### Instructions to follow
Of the records that follow, copy only the lines from the line containing "((x i - x (i - 1)) * fh i" to the line containing "using N incr", both included, exactly as written.

### Records shown
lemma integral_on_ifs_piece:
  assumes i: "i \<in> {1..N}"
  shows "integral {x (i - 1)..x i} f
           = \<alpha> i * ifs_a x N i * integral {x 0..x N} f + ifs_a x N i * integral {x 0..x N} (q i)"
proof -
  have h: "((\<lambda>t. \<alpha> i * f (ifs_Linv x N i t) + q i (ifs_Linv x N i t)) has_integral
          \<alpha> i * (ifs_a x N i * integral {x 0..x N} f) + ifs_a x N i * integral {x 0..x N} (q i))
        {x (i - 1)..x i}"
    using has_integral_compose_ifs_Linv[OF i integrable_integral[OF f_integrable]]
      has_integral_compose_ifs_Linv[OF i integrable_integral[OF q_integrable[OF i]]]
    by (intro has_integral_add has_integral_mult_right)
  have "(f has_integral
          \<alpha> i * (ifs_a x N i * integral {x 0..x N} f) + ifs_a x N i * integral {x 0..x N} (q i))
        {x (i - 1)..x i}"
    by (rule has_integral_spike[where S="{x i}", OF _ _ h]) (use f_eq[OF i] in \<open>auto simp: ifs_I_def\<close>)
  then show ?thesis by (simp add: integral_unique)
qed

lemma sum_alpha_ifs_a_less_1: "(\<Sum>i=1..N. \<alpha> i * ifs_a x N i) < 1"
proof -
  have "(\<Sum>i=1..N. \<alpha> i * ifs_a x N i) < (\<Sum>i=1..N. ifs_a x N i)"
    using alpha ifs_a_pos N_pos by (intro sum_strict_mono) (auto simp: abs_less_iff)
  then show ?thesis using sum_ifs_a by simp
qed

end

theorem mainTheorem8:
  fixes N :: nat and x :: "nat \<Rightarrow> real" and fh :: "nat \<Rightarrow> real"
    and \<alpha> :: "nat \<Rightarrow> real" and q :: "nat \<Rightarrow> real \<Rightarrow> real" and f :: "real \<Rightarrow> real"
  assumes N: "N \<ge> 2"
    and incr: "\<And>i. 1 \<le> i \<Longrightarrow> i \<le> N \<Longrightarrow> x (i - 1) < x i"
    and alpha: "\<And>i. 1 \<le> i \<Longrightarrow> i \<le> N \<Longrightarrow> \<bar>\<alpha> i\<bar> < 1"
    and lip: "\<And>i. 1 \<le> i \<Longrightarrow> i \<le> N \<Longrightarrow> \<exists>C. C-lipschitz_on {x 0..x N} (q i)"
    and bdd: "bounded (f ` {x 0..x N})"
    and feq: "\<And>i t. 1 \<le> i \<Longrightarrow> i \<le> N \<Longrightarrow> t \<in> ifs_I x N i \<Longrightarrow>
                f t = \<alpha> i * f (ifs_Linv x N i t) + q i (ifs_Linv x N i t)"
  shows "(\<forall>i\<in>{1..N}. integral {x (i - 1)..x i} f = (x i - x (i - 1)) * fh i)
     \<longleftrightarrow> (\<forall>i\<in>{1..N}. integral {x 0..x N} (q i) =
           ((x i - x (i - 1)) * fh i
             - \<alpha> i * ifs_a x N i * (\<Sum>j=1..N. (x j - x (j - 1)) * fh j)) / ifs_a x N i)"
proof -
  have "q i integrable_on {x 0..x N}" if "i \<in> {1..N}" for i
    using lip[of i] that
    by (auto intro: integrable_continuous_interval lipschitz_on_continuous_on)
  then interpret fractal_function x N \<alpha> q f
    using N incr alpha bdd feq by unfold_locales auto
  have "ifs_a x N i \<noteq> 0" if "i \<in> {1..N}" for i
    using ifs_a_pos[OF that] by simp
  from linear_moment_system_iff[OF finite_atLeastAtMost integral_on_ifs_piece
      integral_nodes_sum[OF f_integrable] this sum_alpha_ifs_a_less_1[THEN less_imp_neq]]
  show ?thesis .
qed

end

--

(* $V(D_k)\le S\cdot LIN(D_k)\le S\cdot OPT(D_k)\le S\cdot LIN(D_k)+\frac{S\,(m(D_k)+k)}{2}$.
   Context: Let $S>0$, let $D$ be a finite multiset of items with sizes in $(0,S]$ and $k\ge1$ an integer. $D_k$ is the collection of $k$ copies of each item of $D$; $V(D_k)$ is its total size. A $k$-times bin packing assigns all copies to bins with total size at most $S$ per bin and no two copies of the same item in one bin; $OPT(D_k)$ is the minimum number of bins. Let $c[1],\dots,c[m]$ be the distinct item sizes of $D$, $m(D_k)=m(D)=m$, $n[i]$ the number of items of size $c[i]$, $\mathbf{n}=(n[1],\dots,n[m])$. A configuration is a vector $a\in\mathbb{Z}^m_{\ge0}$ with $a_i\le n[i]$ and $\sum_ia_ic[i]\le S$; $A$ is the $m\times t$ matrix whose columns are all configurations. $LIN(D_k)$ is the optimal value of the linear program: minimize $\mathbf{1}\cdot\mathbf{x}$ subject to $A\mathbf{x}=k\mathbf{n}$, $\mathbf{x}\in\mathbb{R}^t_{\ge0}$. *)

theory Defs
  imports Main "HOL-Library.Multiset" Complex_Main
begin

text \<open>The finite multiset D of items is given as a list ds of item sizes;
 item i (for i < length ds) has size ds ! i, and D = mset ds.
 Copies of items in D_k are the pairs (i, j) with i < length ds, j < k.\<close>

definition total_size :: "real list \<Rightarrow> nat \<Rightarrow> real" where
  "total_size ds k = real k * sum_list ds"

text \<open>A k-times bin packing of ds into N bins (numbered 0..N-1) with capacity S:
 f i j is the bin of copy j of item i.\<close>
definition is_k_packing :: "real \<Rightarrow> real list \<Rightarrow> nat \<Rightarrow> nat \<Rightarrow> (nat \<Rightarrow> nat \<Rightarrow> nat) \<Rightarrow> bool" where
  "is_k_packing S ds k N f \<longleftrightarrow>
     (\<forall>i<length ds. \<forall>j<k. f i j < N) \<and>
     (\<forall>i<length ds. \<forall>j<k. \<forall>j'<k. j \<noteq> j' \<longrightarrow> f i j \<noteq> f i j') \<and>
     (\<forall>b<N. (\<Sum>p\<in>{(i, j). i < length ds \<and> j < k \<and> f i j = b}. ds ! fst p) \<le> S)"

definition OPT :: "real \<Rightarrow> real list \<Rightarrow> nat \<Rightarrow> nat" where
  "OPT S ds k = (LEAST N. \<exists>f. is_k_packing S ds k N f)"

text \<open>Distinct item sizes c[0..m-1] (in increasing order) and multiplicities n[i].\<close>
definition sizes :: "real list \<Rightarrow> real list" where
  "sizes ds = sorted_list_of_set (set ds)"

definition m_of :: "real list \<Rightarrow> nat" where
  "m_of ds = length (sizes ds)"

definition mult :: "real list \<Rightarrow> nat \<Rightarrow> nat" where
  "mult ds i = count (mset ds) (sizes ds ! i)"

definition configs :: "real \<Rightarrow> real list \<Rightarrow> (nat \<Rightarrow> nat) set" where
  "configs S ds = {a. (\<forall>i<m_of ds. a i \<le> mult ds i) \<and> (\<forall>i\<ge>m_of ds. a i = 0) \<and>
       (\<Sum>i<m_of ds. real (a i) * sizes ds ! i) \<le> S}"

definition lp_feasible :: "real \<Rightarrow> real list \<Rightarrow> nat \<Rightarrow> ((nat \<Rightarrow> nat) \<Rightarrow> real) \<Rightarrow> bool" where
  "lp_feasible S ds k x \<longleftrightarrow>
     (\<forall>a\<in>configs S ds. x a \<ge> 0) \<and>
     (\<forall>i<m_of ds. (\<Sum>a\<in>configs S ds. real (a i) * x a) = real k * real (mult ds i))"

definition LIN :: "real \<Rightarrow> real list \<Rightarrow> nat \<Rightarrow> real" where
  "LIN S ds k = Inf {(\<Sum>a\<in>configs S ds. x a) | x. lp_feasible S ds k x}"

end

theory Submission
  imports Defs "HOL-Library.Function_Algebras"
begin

...

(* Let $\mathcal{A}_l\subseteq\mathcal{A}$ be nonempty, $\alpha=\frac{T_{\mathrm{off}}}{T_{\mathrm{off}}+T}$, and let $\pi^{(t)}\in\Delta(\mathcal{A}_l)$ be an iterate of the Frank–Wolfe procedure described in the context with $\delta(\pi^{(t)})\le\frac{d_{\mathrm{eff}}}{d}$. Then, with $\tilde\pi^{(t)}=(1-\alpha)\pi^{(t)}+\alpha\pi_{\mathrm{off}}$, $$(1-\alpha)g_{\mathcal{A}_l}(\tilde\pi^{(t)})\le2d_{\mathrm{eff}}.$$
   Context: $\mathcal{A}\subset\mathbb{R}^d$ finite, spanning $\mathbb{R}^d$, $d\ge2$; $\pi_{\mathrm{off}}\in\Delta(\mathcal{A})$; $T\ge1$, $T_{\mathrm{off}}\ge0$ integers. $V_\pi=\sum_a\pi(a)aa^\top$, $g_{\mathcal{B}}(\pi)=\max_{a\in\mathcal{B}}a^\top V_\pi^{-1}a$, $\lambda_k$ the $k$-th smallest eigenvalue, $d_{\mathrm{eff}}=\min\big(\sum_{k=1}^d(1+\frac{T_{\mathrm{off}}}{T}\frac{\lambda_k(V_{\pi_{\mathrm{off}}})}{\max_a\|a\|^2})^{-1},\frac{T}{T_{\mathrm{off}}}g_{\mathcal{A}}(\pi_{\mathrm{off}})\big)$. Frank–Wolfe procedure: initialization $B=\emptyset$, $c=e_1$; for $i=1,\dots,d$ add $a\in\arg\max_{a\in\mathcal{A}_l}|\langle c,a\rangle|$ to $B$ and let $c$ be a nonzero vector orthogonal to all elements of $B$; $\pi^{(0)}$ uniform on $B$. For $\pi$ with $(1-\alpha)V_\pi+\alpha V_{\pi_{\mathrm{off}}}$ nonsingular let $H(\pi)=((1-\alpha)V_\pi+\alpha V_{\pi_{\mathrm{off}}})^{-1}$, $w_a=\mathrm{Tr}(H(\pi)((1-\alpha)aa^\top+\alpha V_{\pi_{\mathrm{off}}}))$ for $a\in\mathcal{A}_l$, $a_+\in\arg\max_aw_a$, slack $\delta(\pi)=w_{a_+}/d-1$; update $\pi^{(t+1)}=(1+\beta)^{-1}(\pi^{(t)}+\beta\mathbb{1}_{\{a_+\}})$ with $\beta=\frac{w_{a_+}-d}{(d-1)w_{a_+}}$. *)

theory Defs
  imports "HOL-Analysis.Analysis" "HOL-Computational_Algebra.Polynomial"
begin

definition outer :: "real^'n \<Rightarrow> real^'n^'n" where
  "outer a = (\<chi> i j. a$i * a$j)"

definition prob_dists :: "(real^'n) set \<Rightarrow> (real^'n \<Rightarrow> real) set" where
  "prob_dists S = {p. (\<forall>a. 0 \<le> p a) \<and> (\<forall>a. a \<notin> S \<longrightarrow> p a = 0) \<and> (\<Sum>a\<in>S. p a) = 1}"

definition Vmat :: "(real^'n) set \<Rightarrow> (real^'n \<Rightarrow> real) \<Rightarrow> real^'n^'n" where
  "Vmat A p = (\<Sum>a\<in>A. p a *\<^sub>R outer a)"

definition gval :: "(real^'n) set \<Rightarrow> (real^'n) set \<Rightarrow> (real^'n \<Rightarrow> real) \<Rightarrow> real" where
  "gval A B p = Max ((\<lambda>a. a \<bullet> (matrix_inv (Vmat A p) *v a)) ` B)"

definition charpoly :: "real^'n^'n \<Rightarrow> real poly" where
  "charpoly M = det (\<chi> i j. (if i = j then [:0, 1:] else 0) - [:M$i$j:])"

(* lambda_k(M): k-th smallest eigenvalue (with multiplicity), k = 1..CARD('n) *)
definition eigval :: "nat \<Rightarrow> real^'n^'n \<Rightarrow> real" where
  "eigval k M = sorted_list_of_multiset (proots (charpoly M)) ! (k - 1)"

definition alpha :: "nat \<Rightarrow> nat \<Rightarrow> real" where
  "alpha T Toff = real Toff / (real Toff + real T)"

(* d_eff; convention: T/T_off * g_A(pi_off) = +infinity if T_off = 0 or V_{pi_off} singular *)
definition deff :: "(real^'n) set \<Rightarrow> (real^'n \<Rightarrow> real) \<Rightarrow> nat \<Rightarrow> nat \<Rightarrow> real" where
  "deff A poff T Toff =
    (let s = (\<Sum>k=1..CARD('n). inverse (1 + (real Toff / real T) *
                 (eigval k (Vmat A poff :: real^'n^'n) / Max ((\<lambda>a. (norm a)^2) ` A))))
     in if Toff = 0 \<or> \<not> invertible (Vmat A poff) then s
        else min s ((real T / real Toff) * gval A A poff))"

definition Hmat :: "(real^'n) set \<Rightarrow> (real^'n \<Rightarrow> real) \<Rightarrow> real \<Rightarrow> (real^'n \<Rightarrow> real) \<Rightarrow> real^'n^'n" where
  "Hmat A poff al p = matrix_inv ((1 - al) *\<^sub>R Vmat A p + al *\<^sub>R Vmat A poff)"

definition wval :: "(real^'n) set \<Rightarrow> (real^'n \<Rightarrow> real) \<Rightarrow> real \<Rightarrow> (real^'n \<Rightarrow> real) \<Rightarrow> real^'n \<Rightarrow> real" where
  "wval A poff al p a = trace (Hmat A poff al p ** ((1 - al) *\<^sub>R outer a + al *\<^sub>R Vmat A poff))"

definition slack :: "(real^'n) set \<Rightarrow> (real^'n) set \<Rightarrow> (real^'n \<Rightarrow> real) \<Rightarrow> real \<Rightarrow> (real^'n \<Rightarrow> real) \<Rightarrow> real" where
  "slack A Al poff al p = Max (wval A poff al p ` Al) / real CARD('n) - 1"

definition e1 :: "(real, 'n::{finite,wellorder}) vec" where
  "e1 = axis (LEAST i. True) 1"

### Answer for the task
           ((x i - x (i - 1)) * fh i
             - \<alpha> i * ifs_a x N i * (\<Sum>j=1..N. (x j - x (j - 1)) * fh j)) / ifs_a x N i)"
proof -
  have "q i integrable_on {x 0..x N}" if "i \<in> {1..N}" for i
    using lip[of i] that
    by (auto intro: integrable_continuous_interval lipschitz_on_continuous_on)
  then interpret fractal_function x N \<alpha> q f
    using N incr alpha bdd feq by unfold_locales auto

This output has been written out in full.